2

I don't understand if for C every string is always a multibyte string meaning they are encoded as multibyte characters:

char s[] = "AAA"; 

char m[] = "X生";

is s also a multibyte string also if it doesn't contain a member of an extended character set like m?

I have this doubt because I read this from libc manuals:

string” normally refers to multibyte character strings as opposed to wide character strings. Wide character strings are arrays of type wchar_t and as for multibyte character strings usually pointers of type wchar_t * are used.

so I don't understand if multibyte is referred to the byte of the string (their number) of to the encode respect to wide character string.

xdevel2000
  • 20,780
  • 41
  • 129
  • 196
  • `s` does not include multi-byte chars there (only ASCII chars which are each a single byte wide). But the string itself is four bytes long. Are you asking if all C strings are multiple bytes long, or if all chars are? – HalosGhost Jan 26 '15 at 12:49
  • 1
    But encoded how? There are many ways to encode extended chars. – m0skit0 Jan 26 '15 at 12:50
  • I edited the question. I Hope it's clearer. – xdevel2000 Jan 26 '15 at 12:56
  • The relevant keywords are translation character set, execution character set. This [SO question](http://stackoverflow.com/questions/27872517/what-are-the-different-character-sets-used-for) seams to cover this topic properly. – Nick Zavaritsky Jan 26 '15 at 13:07

2 Answers2

3

So the C99 draft standard (C11 looks the same) defines multibyte character as follows:

sequence of one or more bytes representing a member of the extended character set of either the source or the execution environment

So a multibyte character is part of the extended character set, so s is not made up of multi-byte characters.

multibyte characters are further defined in section 5.2.1.2:

The source character set may contain multibyte characters, used to represent members of the extended character set. The execution character set may also contain multibyte characters, which need not have the same encoding as for the source character set. For both character sets, the following shall hold:

  • The basic character set shall be present and each character shall be encoded as a single byte.

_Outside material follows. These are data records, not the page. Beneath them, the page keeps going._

lemma W0_perms_normal:
  assumes m: "0 < m"
  shows "W0_perms m d \<lhd> wreath_grp m d"
proof -
  interpret W: group "wreath_grp m d" by (rule group_wreath_grp[OF m])
  show ?thesis
  proof (subst W.normal_inv_iff, intro conjI ballI)
    fix x h assume x: "x \<in> carrier (wreath_grp m d)" and h: "h \<in> W0_perms m d"
    have bx: "block_perm m d x" using x by (simp add: wreath_grp_simps wreath_perms_eq[OF m])
    note px = block_perm_permutes[OF bx]
    have ph: "h permutes {..<m*d}" and kh: "\<forall>y<m*d. h y div m = y div m"
      using h by (auto simp: W0_perms_eq[OF m])
    have "(x \<circ> h \<circ> iv x) y div m = y div m" if y: "y < m*d" for y
    proof -
      have z: "iv x y < m*d" using permutes_in_image[OF permutes_inv[OF px]] y by simp
      then have "h (iv x y) < m*d" "h (iv x y) div m = iv x y div m"
        using permutes_in_image[OF ph] kh by auto
      then have "x (h (iv x y)) div m = x (iv x y) div m" using block_perm_div_eq[OF bx _ z] by blast
      then show ?thesis by (simp add: permutes_inverses[OF px])
    qed
    moreover have "x \<circ> h \<circ> iv x permutes {..<m*d}"
      using permutes_compose[OF permutes_compose[OF permutes_inv[OF px] ph] px] by (simp add: o_assoc)
    ultimately show "x \<otimes>\<^bsub>wreath_grp m d\<^esub> h \<otimes>\<^bsub>wreath_grp m d\<^esub> inv\<^bsub>wreath_grp m d\<^esub> x \<in> W0_perms m d"
      using wreath_grp_inv[OF m x] by (simp add: wreath_grp_simps W0_perms_eq[OF m])
  qed (rule W0_perms_subgroup[OF m])
qed

lemma Omega_perms_subgroup:
  assumes m: "0 < m"
  shows "subgroup (Omega_perms m d) (wreath_grp m d)"
proof (rule group.subgroupI[OF group_wreath_grp[OF m]])
  show "Omega_perms m d \<subseteq> carrier (wreath_grp m d)"
    by (auto simp: Omega_perms_eq[OF m] wreath_grp_simps wreath_perms_eq[OF m])
  show "Omega_perms m d \<noteq> {}" using block_perm_id by (auto simp: Omega_perms_eq[OF m] intro!: exI[of _ id])
next
  fix a assume a: "a \<in> Omega_perms m d"
  then have ba: "block_perm m d a" and pos: "\<forall>x<m*d. a x mod m = x mod m" by (auto simp: Omega_perms_eq[OF m])
  note p = block_perm_permutes[OF ba]
  have "iv a x mod m = x mod m" if "x < m*d" for x
  proof -
    have "iv a x < m*d" using permutes_in_image[OF permutes_inv[OF p]] that by simp
    then have "a (iv a x) mod m = iv a x mod m" using pos by blast
    then show ?thesis by (simp add: permutes_inverses[OF p])
  qed
  moreover have "a \<in> carrier (wreath_grp m d)" using ba by (simp add: wreath_grp_simps wreath_perms_eq[OF m])
  ultimately show "inv\<^bsub>wreath_grp m d\<^esub> a \<in> Omega_perms m d"
    using wreath_grp_inv[OF m] block_perm_inv[OF m ba] by (simp add: Omega_perms_eq[OF m])
next
  fix a b assume "a \<in> Omega_perms m d" "b \<in> Omega_perms m d"
  then have b: "block_perm m d a" "block_perm m d b"
    and pos: "\<forall>x<m*d. a x mod m = x mod m" "\<forall>x<m*d. b x mod m = x mod m"
    by (auto simp: Omega_perms_eq[OF m])
  have "(a \<circ> b) x mod m = x mod m" if "x < m*d" for x
    using pos permutes_in_image[OF block_perm_permutes[OF b(2)]] that by simp
  then show "a \<otimes>\<^bsub>wreath_grp m d\<^esub> b \<in> Omega_perms m d"
    using block_perm_comp[OF b] by (simp add: Omega_perms_eq[OF m] wreath_grp_simps)
qed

  • The presence, meaning, and representation of any additional members is locales pecific.

  • A multibyte character set may have a state-dependent encoding, wherein each sequence of multibyte characters begins in an initial shift state and enters other locale-specific shift states when specific multibyte characters are encountered in the sequence. While in the initial shift state, all single-byte characters retain their usual interpretation and do not alter the shift state. The interpretation for subsequent bytes in the sequence is a function of the current shift state.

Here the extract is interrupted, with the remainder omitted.